● **HOW TO COMPLETE THIS TASK**:
Please give, word for word, the line containing "theory Defs" and every line that comes after it in the data below.
---------- RECORDS FOR THIS TASK ----------
(* Let $\eta\in(0,1)$, $B_1,\dots,B_H>0$, and reward functions $r_h:\mathcal{X}_h\times\mathcal{A}\to[-B_h,B_h]$ for $h\in[H]$. Define the extended rewards $\bar r_h(x,a)=r_h(x,a)$ for $(x,a)\in\mathcal{X}_h\times\mathcal{A}$ and $\bar r_h(x,a)=0$ if $x=\mathfrak{t}_h$ or $a=\mathfrak{a}$. Then $$\sup_{\pi\in\bar\Pi_\eta}\bar{\mathbb{E}}^\pi\Big[\sum_{h=1}^H\bar r_h(x_h,a_h)\Big]\ge\sup_{\pi\in\bar\Pi_{\mathrm{M}}}\bar{\mathbb{E}}^\pi\Big[\sum_{h=1}^H\bar r_h(x_h,a_h)\Big]-2Hd^{3/2}\eta\sum_{h=1}^HB_h,$$ where $\bar{\mathbb{E}}^\pi$ denotes expectation over trajectories of $\bar{\mathcal{M}}$ under $\pi$.
   Context: Setting (Low-Rank MDP). Fix horizon $H\in\mathbb{N}$, dimension $d\in\mathbb{N}$, a finite action set $\mathcal{A}$ with $|\mathcal{A}|=A$, and a measurable state space $\mathcal{X}=\mathcal{X}_1\sqcup\cdots\sqcup\mathcal{X}_H$ (disjoint layers) carrying a $\sigma$-finite measure $\nu$. The MDP $\mathcal{M}$ has an initial distribution $\rho$ on $\mathcal{X}_1$ and, for each $h\in[H-1]$, measurable maps $\phi^\star_h:\mathcal{X}_h\times\mathcal{A}\to\mathbb{R}^d$ and $\mu^\star_{h+1}:\mathcal{X}_{h+1}\to\mathbb{R}^d$ such that for every $(x,a)\in\mathcal{X}_h\times\mathcal{A}$ the function $x'\mapsto\mu^\star_{h+1}(x')^\top\phi^\star_h(x,a)$ is a probability density w.r.t. $\nu$ on $\mathcal{X}_{h+1}$; this density is the transition kernel $T_h(\cdot\mid x,a)$. Normalization: $\|\phi^\star_h(x,a)\|\le 1$ for all $h,x,a$, and $\|\int_{\mathcal{X}_h}\mu^\star_h(x)g(x)\,d\nu(x)\|\le\sqrt d$ for every measurable $g:\mathcal{X}_h\to[0,1]$. $\|\cdot\|$ is the Euclidean norm. Extended MDP $\bar{\mathcal{M}}$: add terminal states $\mathfrak{t}_1,\dots,\mathfrak{t}_H$ (with $\bar{\mathcal{X}}_h=\mathcal{X}_h\cup\{\mathfrak{t}_h\}$) and a terminal action $\mathfrak{a}$ (with $\bar{\mathcal{A}}=\mathcal{A}\cup\{\mathfrak{a}\}$). Transitions from $(x,a)\in\mathcal{X}_h\times\mathcal{A}$ are as in $\mathcal{M}$; taking $\mathfrak{a}$ in any state of layer $h$, or any action in $\mathfrak{t}_h$, leads deterministically to $\mathfrak{t}_{h+1}$; the initial distribution is $\rho$. The base measure is $\bar\nu=\nu+\sum_h\delta_{\mathfrak{t}_h}$, and for $x\in\bar{\mathcal{X}}_h$, $\bar d^\pi(x)$ is the density w.r.t. $\bar\nu$ of the law of $x_h$ under $\pi$ in $\bar{\mathcal{M}}$. $\bar\Pi_{\mathrm{M}}$ is the set of randomized Markov policies of $\bar{\mathcal{M}}$ (with $\pi(\mathfrak{t}_h)=\mathfrak{a}$). Reachable states: for $h\ge2$ and $\Pi'\subseteq\bar\Pi_{\mathrm{M}}$, $\mathcal{X}_{h,\eta}(\Pi'):=\{x\in\mathcal{X}_h:\exists\pi\in\Pi',\ \bar d^\pi(x)\ge\eta\|\mu^\star_h(x)\|\}$; by convention $\mathcal{X}_{1,\eta}(\Pi')=\mathcal{X}_1$. Truncated policy class: $\bar\Pi_{0,\eta}=\bar\Pi_{\mathrm{M}}$ and for $h\ge1$, $\pi\in\bar\Pi_{h,\eta}$ iff there exists $\pi'\in\bar\Pi_{h-1,\eta}$ with $\pi(x)=\pi'(x)$ for all $x$ in layers $t\neq h$, and for $x\in\mathcal{X}_h$: $\pi(x)=\pi'(x)$ if $x\in\mathcal{X}_{h,\eta}(\bar\Pi_{h-1,\eta})$ and $\pi(x)=\mathfrak{a}$ otherwise (and $\pi(\mathfrak{t}_h)=\mathfrak{a}$). Set $\bar\Pi_\eta:=\bar\Pi_{H,\eta}$. *)

theory Defs
  imports "HOL-Probability.Probability"
begin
----------
● **REPLY**:
theory Defs
  imports "HOL-Probability.Probability"
begin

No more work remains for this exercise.